What you are asked to do: Your task is to count the lines of the entries below that include the word "proof" and to give only the resulting number.

Data items:
lemma xi_h_h_mu:
  assumes \<mu>: "\<mu> \<in> {0..2}"
  shows "xi_h (h_mu \<mu>) = xi_of_v1 (v1 \<mu>)"
proof -
  define w where "w = v1 \<mu>"
  have w: "1/2 \<le> w" "w \<le> 1"
    using v1_bounds[OF \<mu>] by (simp_all add: w_def)
  define F1 where "F1 v = - ln (1 - v) - v - v\<^sup>2 / 2" for v :: real
  define F2 where "F2 v = ((2 * w - 1) * v ^ 3 / 3 + (1 - w)\<^sup>2 * v\<^sup>2 / 2) / w\<^sup>2" for v :: real
  define F3 where "F3 v = 3 * v\<^sup>2 / 2 - 3 * v + ln v" for v :: real
  have F1': "(F1 has_real_derivative v\<^sup>2 / (1 - v)) (at v)" if "v < 1" for v
    unfolding F1_def using that
    by (auto intro!: derivative_eq_intros simp: field_simps power2_eq_square)
  have F3': "(F3 has_real_derivative 3 * v - 3 + 1 / v) (at v)" if "v > 0" for v
    unfolding F3_def using that by (auto intro!: derivative_eq_intros simp: field_simps)
  have "((\<lambda>v. v * (h1 \<mu> v)\<^sup>2 + (1 - v) * (h2 \<mu> v)\<^sup>2) has_integral
          (F1 (1 - w) - F1 0) + (F2 w - F2 (1 - w)) + (F3 1 - F3 w)) {0..1}"
    unfolding xi_integrand_eq[OF \<mu>] w_def[symmetric]
  proof (rule has_integral_piecewise3)
    show "(F2 has_real_derivative ((2 * w - 1) * v\<^sup>2 + (1 - w)\<^sup>2 * v) / w\<^sup>2) (at v)" for v
      unfolding F2_def using w
      by (auto intro!: derivative_eq_intros simp: field_simps power2_eq_square)
  qed (use w F1' F3' in auto)
  then show ?thesis
    using w unfolding h_mu_def[abs_def] xi_h_if_le
    by (simp add: integral_unique xi_of_v1_def F1_def F2_def F3_def w_def[symmetric]
                  field_simps power2_eq_square power3_eq_cube)
qed

lemma continuous_on_psi_of_v1: "continuous_on {0<..} psi_of_v1"
  unfolding psi_of_v1_def by (auto intro!: continuous_intros)

lemma continuous_on_xi_of_v1: "continuous_on {0<..} xi_of_v1"
  unfolding xi_of_v1_def by (auto intro!: continuous_intros)

lemma psi_of_v1_strict_mono: "strict_mono_on {1/2..1} psi_of_v1"
proof (rule monotone_onI)
  fix a b :: real assume ab: "a \<in> {1/2..1}" "b \<in> {1/2..1}" "a < b"
  show "psi_of_v1 a < psi_of_v1 b"
  proof (rule DERIV_pos_imp_increasing_open[OF \<open>a < b\<close>])
    fix x assume "a < x" "x < b"
    then have x: "1/2 < x" "x < 1" using ab by auto
    have "(psi_of_v1 has_real_derivative (2 * x - 1) * (1 + 2 * x * (1 - x)) / x\<^sup>2) (at x)"
      unfolding psi_of_v1_def using x
      by (auto intro!: derivative_eq_intros simp: field_simps power2_eq_square)
    moreover have "(2 * x - 1) * (1 + 2 * x * (1 - x)) / x\<^sup>2 > 0"
      using x by (intro divide_pos_pos mult_pos_pos add_pos_pos) auto
    ultimately show "\<exists>y. (psi_of_v1 has_real_derivative y) (at x) \<and> y > 0" by blast
  next
    show "continuous_on {a..b} psi_of_v1"
      using ab by (auto intro: continuous_on_subset[OF continuous_on_psi_of_v1])
  qed
qed

lemma xi_of_v1_strict_antimono: "strict_antimono_on {1/2..1} xi_of_v1"
proof (rule monotone_onI)
  fix a b :: real assume ab: "a \<in> {1/2..1}" "b \<in> {1/2..1}" "a < b"
  show "xi_of_v1 b < xi_of_v1 a"
  proof (rule DERIV_neg_imp_decreasing_open[OF \<open>a < b\<close>])
    fix x assume "a < x" "x < b"
    then have x: "1/2 < x" "x < 1" using ab by auto
    have "(xi_of_v1 has_real_derivative
             (x - 1) * ((2 * x - 1) * (2 + 4 * x * (1 - x))) / x ^ 3) (at x)"
      unfolding xi_of_v1_def using x
      by (auto intro!: derivative_eq_intros
               simp: field_simps power2_eq_square power3_eq_cube)
    moreover have "(x - 1) * ((2 * x - 1) * (2 + 4 * x * (1 - x))) / x ^ 3 < 0"
      using x by (intro divide_neg_pos mult_neg_pos mult_pos_pos add_pos_pos) auto
    ultimately show "\<exists>y. (xi_of_v1 has_real_derivative y) (at x) \<and> y < 0" by blast
  next
    show "continuous_on {a..b} xi_of_v1"
      using ab by (auto intro: continuous_on_subset[OF continuous_on_xi_of_v1])
  qed
qed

Result for this task: 6